:: Exercise requirements ::
Copy each line below that contains "case".

:: Information provided ::
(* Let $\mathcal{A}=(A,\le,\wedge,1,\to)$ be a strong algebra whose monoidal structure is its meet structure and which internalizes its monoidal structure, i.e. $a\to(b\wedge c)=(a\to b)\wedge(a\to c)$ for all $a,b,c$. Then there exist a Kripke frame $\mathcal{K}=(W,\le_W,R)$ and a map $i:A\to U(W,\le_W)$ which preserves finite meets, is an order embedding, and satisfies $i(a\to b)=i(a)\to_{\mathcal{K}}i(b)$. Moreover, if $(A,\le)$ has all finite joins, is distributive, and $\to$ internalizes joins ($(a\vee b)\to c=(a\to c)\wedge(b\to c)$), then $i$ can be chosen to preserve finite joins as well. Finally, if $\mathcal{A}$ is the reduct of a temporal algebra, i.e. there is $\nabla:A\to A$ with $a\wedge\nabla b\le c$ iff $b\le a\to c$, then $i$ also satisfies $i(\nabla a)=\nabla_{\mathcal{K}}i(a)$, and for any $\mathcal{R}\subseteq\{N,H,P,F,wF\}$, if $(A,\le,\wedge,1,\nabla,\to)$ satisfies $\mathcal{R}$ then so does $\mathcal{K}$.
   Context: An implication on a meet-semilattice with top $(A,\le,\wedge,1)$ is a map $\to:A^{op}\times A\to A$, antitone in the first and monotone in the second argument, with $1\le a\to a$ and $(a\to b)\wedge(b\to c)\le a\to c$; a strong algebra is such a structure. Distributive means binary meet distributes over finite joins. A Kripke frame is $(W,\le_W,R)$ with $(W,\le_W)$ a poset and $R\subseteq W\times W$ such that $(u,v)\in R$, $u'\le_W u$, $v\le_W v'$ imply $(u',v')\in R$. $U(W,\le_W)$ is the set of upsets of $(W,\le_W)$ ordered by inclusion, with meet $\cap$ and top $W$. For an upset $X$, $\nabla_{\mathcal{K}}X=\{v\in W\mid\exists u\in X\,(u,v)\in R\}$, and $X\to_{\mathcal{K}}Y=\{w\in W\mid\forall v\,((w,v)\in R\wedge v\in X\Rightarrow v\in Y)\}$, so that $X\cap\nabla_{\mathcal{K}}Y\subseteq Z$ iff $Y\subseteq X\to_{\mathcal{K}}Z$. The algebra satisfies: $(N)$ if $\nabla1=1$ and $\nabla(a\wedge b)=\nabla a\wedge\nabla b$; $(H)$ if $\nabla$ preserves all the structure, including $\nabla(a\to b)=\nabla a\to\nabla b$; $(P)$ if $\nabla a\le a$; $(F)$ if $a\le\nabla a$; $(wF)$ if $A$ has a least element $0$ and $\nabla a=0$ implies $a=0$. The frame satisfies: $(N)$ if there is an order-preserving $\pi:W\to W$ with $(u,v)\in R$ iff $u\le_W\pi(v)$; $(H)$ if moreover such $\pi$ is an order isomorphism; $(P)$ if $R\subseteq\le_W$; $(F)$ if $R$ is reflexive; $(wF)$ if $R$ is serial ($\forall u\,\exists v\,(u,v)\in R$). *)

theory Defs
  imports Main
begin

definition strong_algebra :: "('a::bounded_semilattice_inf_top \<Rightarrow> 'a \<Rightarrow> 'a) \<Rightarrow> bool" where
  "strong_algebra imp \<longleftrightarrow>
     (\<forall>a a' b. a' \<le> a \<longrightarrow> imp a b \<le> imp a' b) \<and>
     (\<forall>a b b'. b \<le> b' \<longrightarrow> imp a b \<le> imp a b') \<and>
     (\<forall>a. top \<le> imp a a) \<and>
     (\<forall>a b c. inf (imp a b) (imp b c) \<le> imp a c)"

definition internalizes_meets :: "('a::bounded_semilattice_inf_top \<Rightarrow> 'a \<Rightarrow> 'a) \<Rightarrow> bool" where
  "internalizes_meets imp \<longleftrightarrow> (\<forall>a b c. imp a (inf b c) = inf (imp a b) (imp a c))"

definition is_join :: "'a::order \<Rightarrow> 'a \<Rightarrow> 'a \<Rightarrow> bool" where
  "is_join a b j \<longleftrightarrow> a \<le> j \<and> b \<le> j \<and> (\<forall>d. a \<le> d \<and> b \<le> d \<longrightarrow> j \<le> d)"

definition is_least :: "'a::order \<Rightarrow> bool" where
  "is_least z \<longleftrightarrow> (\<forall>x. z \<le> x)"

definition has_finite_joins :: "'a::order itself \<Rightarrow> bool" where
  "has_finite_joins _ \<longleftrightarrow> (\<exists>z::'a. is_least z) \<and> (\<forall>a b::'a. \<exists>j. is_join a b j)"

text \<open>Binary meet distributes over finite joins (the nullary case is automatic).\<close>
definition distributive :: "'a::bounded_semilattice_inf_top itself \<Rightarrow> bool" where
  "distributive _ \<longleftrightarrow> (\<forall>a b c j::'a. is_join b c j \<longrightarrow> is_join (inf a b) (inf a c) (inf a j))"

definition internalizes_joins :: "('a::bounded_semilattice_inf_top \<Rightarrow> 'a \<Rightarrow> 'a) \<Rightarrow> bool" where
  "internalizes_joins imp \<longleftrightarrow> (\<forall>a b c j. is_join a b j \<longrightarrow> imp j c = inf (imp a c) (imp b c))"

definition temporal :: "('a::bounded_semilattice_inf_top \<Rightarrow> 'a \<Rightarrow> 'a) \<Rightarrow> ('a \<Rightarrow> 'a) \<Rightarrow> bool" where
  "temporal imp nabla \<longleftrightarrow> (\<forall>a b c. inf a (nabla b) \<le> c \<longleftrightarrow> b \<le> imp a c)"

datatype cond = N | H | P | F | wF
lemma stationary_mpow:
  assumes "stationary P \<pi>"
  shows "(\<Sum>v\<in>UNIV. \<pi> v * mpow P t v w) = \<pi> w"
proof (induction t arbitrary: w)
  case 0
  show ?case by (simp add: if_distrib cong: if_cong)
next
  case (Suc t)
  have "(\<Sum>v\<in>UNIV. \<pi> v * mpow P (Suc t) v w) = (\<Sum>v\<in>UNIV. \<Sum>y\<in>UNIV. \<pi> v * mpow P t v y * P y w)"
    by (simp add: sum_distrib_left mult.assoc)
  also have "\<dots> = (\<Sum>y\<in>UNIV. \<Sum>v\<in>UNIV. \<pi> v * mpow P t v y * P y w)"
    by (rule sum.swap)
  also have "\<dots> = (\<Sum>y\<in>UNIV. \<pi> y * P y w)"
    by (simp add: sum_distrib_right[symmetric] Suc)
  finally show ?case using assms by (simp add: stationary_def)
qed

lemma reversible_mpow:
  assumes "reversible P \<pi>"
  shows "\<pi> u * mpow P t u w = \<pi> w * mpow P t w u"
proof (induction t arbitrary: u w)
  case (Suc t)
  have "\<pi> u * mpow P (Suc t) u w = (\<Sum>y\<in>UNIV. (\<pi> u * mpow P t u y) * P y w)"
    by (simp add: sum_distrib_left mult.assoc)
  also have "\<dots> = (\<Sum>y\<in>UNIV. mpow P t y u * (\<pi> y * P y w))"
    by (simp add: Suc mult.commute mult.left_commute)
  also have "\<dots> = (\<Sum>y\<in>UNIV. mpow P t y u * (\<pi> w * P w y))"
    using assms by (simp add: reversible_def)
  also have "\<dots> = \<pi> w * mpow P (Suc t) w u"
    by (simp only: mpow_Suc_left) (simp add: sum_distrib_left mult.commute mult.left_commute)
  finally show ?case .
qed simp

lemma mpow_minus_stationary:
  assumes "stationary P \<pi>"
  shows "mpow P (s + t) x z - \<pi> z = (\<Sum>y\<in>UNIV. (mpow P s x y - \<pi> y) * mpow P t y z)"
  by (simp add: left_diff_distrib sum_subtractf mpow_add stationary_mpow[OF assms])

:: Answer ::
text \<open>Binary meet distributes over finite joins (the nullary case is automatic).\<close>
  case 0
  show ?case by (simp add: if_distrib cong: if_cong)
  case (Suc t)
  finally show ?case using assms by (simp add: stationary_def)
  case (Suc t)
  finally show ?case .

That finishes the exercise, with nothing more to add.